In Kiewit Infrastructure West Co., a decision involving the proper interpretation of the phrase "environmental impacts" in a contract for road  design and reconstruction, the CAFC reversed the prior CoFC decision and held that the contractor reasonably interpreted the phrase as including "wetlands analyses" and, therefore, reasonably concluded that it would not have to perform any wetlands analyses if it intended to dispose of waste at designated government waste disposal sites. 

In The Boeing Co., the CAFC reversed the prior ASBCA decision and held that DFARS 227.7103(f) applies only to markings on technical data that actually restrict the Government's rights in that data. The court remanded the case to the Board to determine whether or not the legend in this dispute did restrict the Government's rights. 
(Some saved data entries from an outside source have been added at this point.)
definition prob_ev :: "nat \<Rightarrow> ((nat \<Rightarrow> bool) \<Rightarrow> real) \<Rightarrow> ((nat \<Rightarrow> bool) \<Rightarrow> bool) \<Rightarrow> real" where
  "prob_ev n Q E = (\<Sum>s\<in>vecs n. if E s then Q s else 0)"

(* P(h): marginal probability that an agent (agent 0, by symmetry) has signal h *)
definition marg_h :: "nat \<Rightarrow> ((nat \<Rightarrow> bool) \<Rightarrow> real) \<Rightarrow> real" where
  "marg_h n Q = prob_ev n Q (\<lambda>s. s 0)"

(* P(h | b): probability that another agent (agent 1) has h given agent 0 has b *)
definition cond_h :: "nat \<Rightarrow> ((nat \<Rightarrow> bool) \<Rightarrow> real) \<Rightarrow> bool \<Rightarrow> real" where
  "cond_h n Q b = prob_ev n Q (\<lambda>s. s 0 = b \<and> s 1) / prob_ev n Q (\<lambda>s. s 0 = b)"

(* strictly proper scoring rule; PS r p with p = probability of h *)
definition strictly_proper :: "(bool \<Rightarrow> real \<Rightarrow> real) \<Rightarrow> bool" where
  "strictly_proper PS \<longleftrightarrow>
     (\<forall>p q. 0 \<le> p \<and> p \<le> 1 \<and> 0 \<le> q \<and> q \<le> 1 \<and> p \<noteq> q \<longrightarrow>
        p * PS True p + (1 - p) * PS False p > p * PS True q + (1 - p) * PS False q)"

(* a strategy is (beta_l, beta_h); a profile assigns a strategy to each agent *)
definition valid_profile :: "nat \<Rightarrow> (nat \<Rightarrow> real \<times> real) \<Rightarrow> bool" where
  "valid_profile n \<Sigma> \<longleftrightarrow>
     (\<forall>i<n. 0 \<le> fst (\<Sigma> i) \<and> fst (\<Sigma> i) \<le> 1 \<and> 0 \<le> snd (\<Sigma> i) \<and> snd (\<Sigma> i) \<le> 1)"

definition truthful :: "nat \<Rightarrow> real \<times> real" where
  "truthful = (\<lambda>i. (0, 1))"

definition rep_prob :: "real \<times> real \<Rightarrow> bool \<Rightarrow> bool \<Rightarrow> real" where
  "rep_prob \<sigma> sg r = (let \<beta> = (if sg then snd \<sigma> else fst \<sigma>) in if r then \<beta> else 1 - \<beta>)"

definition payment :: "(bool \<Rightarrow> real \<Rightarrow> real) \<Rightarrow> nat \<Rightarrow> ((nat \<Rightarrow> bool) \<Rightarrow> real)
    \<Rightarrow> nat \<Rightarrow> (nat \<Rightarrow> bool) \<Rightarrow> real" where
  "payment PS n Q i r = (1 / (real n - 1)) * (\<Sum>j\<in>{..<n} - {i}. PS (r j) (cond_h n Q (r i)))"

definition interim_util :: "(bool \<Rightarrow> real \<Rightarrow> real) \<Rightarrow> nat \<Rightarrow> ((nat \<Rightarrow> bool) \<Rightarrow> real)
    \<Rightarrow> (nat \<Rightarrow> real \<times> real) \<Rightarrow> nat \<Rightarrow> bool \<Rightarrow> real" where
  "interim_util PS n Q \<Sigma> i sg =
     (\<Sum>s\<in>vecs n. \<Sum>r\<in>vecs n.
        if s i = sg then Q s * (\<Prod>j<n. rep_prob (\<Sigma> j) (s j) (r j)) * payment PS n Q i r else 0)
     / prob_ev n Q (\<lambda>s. s i = sg)"

definition bayes_strong_eq :: "(bool \<Rightarrow> real \<Rightarrow> real) \<Rightarrow> nat \<Rightarrow> ((nat \<Rightarrow> bool) \<Rightarrow> real)
    \<Rightarrow> nat \<Rightarrow> (nat \<Rightarrow> real \<times> real) \<Rightarrow> bool" where
  "bayes_strong_eq PS n Q k \<Sigma> \<longleftrightarrow>
     \<not> (\<exists>D \<Sigma>'. D \<subseteq> {..<n} \<and> card D \<le> k \<and> valid_profile n \<Sigma>' \<and>
          (\<forall>i<n. i \<notin> D \<longrightarrow> \<Sigma>' i = \<Sigma> i) \<and>
          (\<forall>i\<in>D. \<forall>sg. interim_util PS n Q \<Sigma>' i sg \<ge> interim_util PS n Q \<Sigma> i sg) \<and>
          (\<exists>i\<in>D. \<exists>sg. interim_util PS n Q \<Sigma>' i sg > interim_util PS n Q \<Sigma> i sg))"

(* k_B^h, k_B^l, k_B ; phl = P(h|l), phh = P(h|h) *)
definition kB_h :: "(bool \<Rightarrow> real \<Rightarrow> real) \<Rightarrow> real \<Rightarrow> real \<Rightarrow> nat \<Rightarrow> int" where
  "kB_h PS phl phh n =
     (if PS True phh > PS False phh then
        \<lceil>(real n - 1) * (phl * (PS True phl - PS True phh) + (1 - phl) * (PS False phl - PS False phh))
          / ((1 - phl) * (PS True phh - PS False phh))\<rceil>
      else int n)"
lemma sum_norm_sq_sub_phase:
  assumes fin: "finite I" and i0: "i0 \<in> I" and unit: "(\<Sum>i\<in>I. (cmod (x i))\<^sup>2) = 1"
  shows "(\<Sum>i\<in>I. (cmod (x i - (if i = i0 then phase (x i0) else 0)))\<^sup>2) = 2 - 2 * cmod (x i0)"
proof -
  let ?\<phi> = "phase (x i0)"
  have x_unit: "(\<Sum>i\<in>I. cnj (x i) * x i) = 1"
    by (simp only: cnj_mult_self of_real_sum[symmetric] unit) simp
  have "of_real (\<Sum>i\<in>I. (cmod (x i - (if i = i0 then ?\<phi> else 0)))\<^sup>2)
      = (\<Sum>i\<in>I. cnj (x i) * x i
          - (if i = i0 then cnj (x i0) * ?\<phi> + cnj ?\<phi> * x i0 - cnj ?\<phi> * ?\<phi> else 0))"
    unfolding of_real_sum cnj_mult_self[symmetric]
    by (rule sum.cong[OF refl]) (simp add: algebra_simps)
  also have "\<dots> = of_real (2 - 2 * cmod (x i0))"
    using fin i0 by (simp add: sum_subtractf x_unit cnj_phase_mult_phase cnj_mult_phase cnj_phase_mult)
  finally show ?thesis
    by (simp only: of_real_eq_iff)
qed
In BGT Holdings LLC, the CAFC affirmed the portion of the prior CoFC decision dismissing the contractor's claim for breach of the duty of good faith and fair dealing, but vacated and remanded the portions of the CoFC's decision that had held that, by agreeing to a nonstandard changes clause unique to the Naval Surface Warfare Warfare Center Carderock Division, the contractor had waived its claims for constructive change through ratification, official change through waiver, and breach for failure to provide an equitable adjustment. The special clause at issue reads as follows:

(a) Except as specified in paragraph (b) below, no order, statement, or conduct of Government personnel who visit the Contractor’s facilities or in any other manner communicates with Contractor personnel during the performance of this contract shall constitute a change under the “Changes” clause of this contract.

(b) The Contractor shall not comply with any order, direction or request of Government personnel unless it is issued in writing and signed by the Contracting Officer, or is pursuant to specific authority otherwise included as a part of this contract. 

Cost Principles

In Kellogg Brown & Root Services, Inc., the CAFC affirmed the prior ASBCA decision (without reaching the issue whether the Government had breached the contract) on the basis that the contractor had not proven that its claimed costs were reasonable. The dissenting judge argued that the case should have been remanded to the ASBCA to investigate that issue because it had not been briefed and analyzed thoroughly either originally or on appeal.